• Data to use:
lemma subword_flip_notin:
  assumes fin: "finite S" and j: "j \<notin> S"
  shows "subword S (flip w j) = subword S w"
proof -
  have "j \<noteq> sorted_list_of_set S ! i" if "i < card S" for i
    using nth_sorted_list_of_set_in[OF fin that] j by auto
  then show ?thesis
    by (intro nth_equalityI) (simp_all add: fin nth_subword flip_def nth_list_update)
qed

lemma subword_flip_nth:
  assumes S: "S \<subseteq> {..<length w}" and i: "i < card S"
  shows "subword S (flip w (sorted_list_of_set S ! i)) = flip (subword S w) i"
proof -
  have fin: "finite S"
    using S finite_subset by blast
  have "sorted_list_of_set S ! k < length w" if "k < card S" for k
    using S nth_sorted_list_of_set_in[OF fin that] by auto
  then show ?thesis
    using fin i inj_on_nth_sorted_list_of_set[of S]
    by (intro nth_equalityI) (auto simp: nth_subword flip_def nth_list_update inj_on_eq_iff)
qed

lemma length_spread [simp]: "length (spread S n v) = n"
  by (simp add: spread_def)

lemma position_in_nth_sorted_list_of_set:
  "i < card S \<Longrightarrow> position_in S (sorted_list_of_set S ! i) = i"
  unfolding position_in_def by (simp add: the_inv_into_f_f inj_on_nth_sorted_list_of_set)

lemma subword_spread:
  assumes S: "S \<subseteq> {..<n}" and v: "length v = card S"
  shows "subword S (spread S n v) = v"
proof -
  have fin: "finite S"
    using S finite_subset by blast
  have "sorted_list_of_set S ! i < n" if "i < card S" for i
    using S nth_sorted_list_of_set_in[OF fin that] by auto
  then show ?thesis
    using fin v nth_sorted_list_of_set_in[OF fin]
    by (intro nth_equalityI) (simp_all add: nth_subword spread_def position_in_nth_sorted_list_of_set)
qed

lemma nth_spread_subword:
  assumes S: "S \<subseteq> {..<n}" and k: "k \<in> S"
  shows "spread S n (subword S w) ! k = w ! k"
proof -
  have fin: "finite S"
    using S finite_subset by blast
  obtain i where "i < card S" "k = sorted_list_of_set S ! i"
    using image_nth_sorted_list_of_set[OF fin] k by blast
  moreover have "k < n"
    using S k by auto
  ultimately show ?thesis
    using k by (simp add: spread_def nth_subword fin position_in_nth_sorted_list_of_set)
qed

lemma subword_map_Not:
  assumes S: "S \<subseteq> {..<length w}"
  shows "subword S (map Not w) = map Not (subword S w)"
proof -
  have "finite S"
    using S finite_subset by blast
  then show ?thesis
    using S by (auto simp: subword_def subset_eq)
qed

lemma sorted_list_of_set_mirror:
  assumes S: "S \<subseteq> {..<n}"
  shows "sorted_list_of_set (mirror n S) = rev (map (\<lambda>i. n - 1 - i) (sorted_list_of_set S))"
proof -
  have fin: "finite S"
    using S finite_subset by blast
  have "sorted_wrt (\<lambda>x y. n - 1 - y < n - 1 - x) (sorted_list_of_set S)"
    using S fin by (intro sorted_wrt_mono_rel[OF _ strict_sorted_list_of_set]) auto
  then have "sorted_wrt (<) (rev (map (\<lambda>i. n - 1 - i) (sorted_list_of_set S)))"
    by (simp add: sorted_wrt_rev sorted_wrt_map)
  moreover have "set (rev (map (\<lambda>i. n - 1 - i) (sorted_list_of_set S))) = mirror n S"
    using fin by (simp add: mirror_eq_image[OF S])
  moreover have "length (rev (map (\<lambda>i. n - 1 - i) (sorted_list_of_set S))) = card (mirror n S)"
    by (simp add: card_mirror[OF S])
  moreover have "finite (mirror n S)"
    using mirror_subset finite_subset by blast
  ultimately show ?thesis
    using sorted_list_of_set_unique by blast
qed

lemma subword_rev:
  assumes S: "S \<subseteq> {..<n}" and w: "length w = n"
  shows "subword S (rev w) = rev (subword (mirror n S) w)"
proof -
  have "finite S"
    using S finite_subset by blast
  then show ?thesis
    using S w by (auto simp: subword_def sorted_list_of_set_mirror[OF S] rev_map rev_nth subset_eq
        intro!: map_cong)
qed

definition lift_rule :: "nat \<Rightarrow> nat set \<Rightarrow> (bool list \<Rightarrow> bool) \<Rightarrow> bool list \<Rightarrow> bool" where
  "lift_rule n S g = (\<lambda>w. if length w = n then g (subword S w) else False)"

lemma lift_rule_in_L2: "lift_rule n S g \<in> L2 n"
  by (simp add: lift_rule_def L2_def)

lemma hat_c_lift_rule:
  assumes "S \<subseteq> {..<n}"
  shows "hat_c n (lift_rule n S g) = lift_rule n S (hat_c (card S) g)"
  using assms finite_subset[OF assms]
  by (auto simp: fun_eq_iff hat_c_def lift_rule_def cw_def subword_map_Not)

lemma hat_r_lift_rule:
  assumes S: "S \<subseteq> {..<n}"
  shows "hat_r n (lift_rule n S g) = lift_rule n (mirror n S) (hat_r (card S) g)"
  using S finite_subset[OF mirror_subset finite_lessThan]
  by (auto simp: fun_eq_iff hat_r_def lift_rule_def rw_def subword_rev card_mirror)

lemma inj_on_lift_rule:
  assumes S: "S \<subseteq> {..<n}"
  shows "inj_on (lift_rule n S) (L2 (card S))"
proof (rule inj_onI)
  fix g g' assume g: "g \<in> L2 (card S)" and g': "g' \<in> L2 (card S)"
    and eq: "lift_rule n S g = lift_rule n S g'"
  have "g v = g' v" if v: "length v = card S" for v
    using fun_cong[OF eq, of "spread S n v"] by (simp add: lift_rule_def subword_spread[OF S v])
  then show "g = g'"
    using g g' by (auto simp: fun_eq_iff L2_def)
qed

lemma essential_vars_lift_rule_subset:
  assumes "finite S"
  shows "essential_vars n (lift_rule n S g) \<subseteq> S"
proof
  fix j assume "j \<in> essential_vars n (lift_rule n S g)"
  then obtain w where "g (subword S (flip w j)) \<noteq> g (subword S w)"
    by (fastforce simp: essential_vars_def lift_rule_def)
  then show "j \<in> S"
    using subword_flip_notin[OF assms, of j w] by metis
qed

lemma nth_mem_essential_vars_lift_rule_iff:
  assumes S: "S \<subseteq> {..<n}" and i: "i < card S"
  shows "sorted_list_of_set S ! i \<in> essential_vars n (lift_rule n S g) \<longleftrightarrow> i \<in> essential_vars (card S) g"
proof
  have fin: "finite S"
    using S finite_subset by blast
  show "i \<in> essential_vars (card S) g" if mem: "sorted_list_of_set S ! i \<in> essential_vars n (lift_rule n S g)"
  proof -
    obtain w where "length w = n" "g (subword S (flip w (sorted_list_of_set S ! i))) \<noteq> g (subword S w)"
      using mem by (fastforce simp: essential_vars_def lift_rule_def)
    then have "g (flip (subword S w) i) \<noteq> g (subword S w)"
      using S i by (simp add: subword_flip_nth)
    then show ?thesis
      using i fin by (auto simp: essential_vars_def intro!: exI[of _ "subword S w"])
  qed
  show "sorted_list_of_set S ! i \<in> essential_vars n (lift_rule n S g)" if mem: "i \<in> essential_vars (card S) g"
  proof -
    obtain v where v: "length v = card S" "g (flip v i) \<noteq> g v"
      using mem by (auto simp: essential_vars_def)
    have "sorted_list_of_set S ! i < n"
      using S nth_sorted_list_of_set_in[OF fin i] by auto
    moreover have "subword S (flip (spread S n v) (sorted_list_of_set S ! i)) = flip v i"
      using S i by (simp add: subword_flip_nth subword_spread[OF S v(1)])
    ultimately show ?thesis
      using v by (auto simp: essential_vars_def lift_rule_def subword_spread[OF S v(1)]
          intro!: exI[of _ "spread S n v"])
  qed
qed

lemma essential_vars_lift_rule:
  assumes S: "S \<subseteq> {..<n}"
  shows "essential_vars n (lift_rule n S g) = (!) (sorted_list_of_set S) ` essential_vars (card S) g"
proof -
  have fin: "finite S"
    using S finite_subset by blast
  show ?thesis
  proof (rule set_eqI)
    fix j
    show "j \<in> essential_vars n (lift_rule n S g) \<longleftrightarrow> j \<in> (!) (sorted_list_of_set S) ` essential_vars (card S) g"
    proof (cases "j \<in> S")
      case True
      then obtain i where "i < card S" "j = sorted_list_of_set S ! i"
        using image_nth_sorted_list_of_set[OF fin] by blast
      then show ?thesis
        using nth_mem_essential_vars_lift_rule_iff[OF S] essential_vars_subset[of "card S" g]
        by (auto simp: inj_on_image_mem_iff[OF inj_on_nth_sorted_list_of_set])
    next
      case False
      then show ?thesis
        using essential_vars_lift_rule_subset[OF fin] essential_vars_subset[of "card S" g]
          nth_sorted_list_of_set_in[OF fin] by blast
    qed
  qed
qed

• Task to complete:
Could you copy each line of the material that holds "intro"?

• Reply:
    by (intro nth_equalityI) (simp_all add: fin nth_subword flip_def nth_list_update)
    by (intro nth_equalityI) (auto simp: nth_subword flip_def nth_list_update inj_on_eq_iff)
    by (intro nth_equalityI) (simp_all add: nth_subword spread_def position_in_nth_sorted_list_of_set)
    using S fin by (intro sorted_wrt_mono_rel[OF _ strict_sorted_list_of_set]) auto
        intro!: map_cong)
      using i fin by (auto simp: essential_vars_def intro!: exI[of _ "subword S w"])
          intro!: exI[of _ "spread S n v"])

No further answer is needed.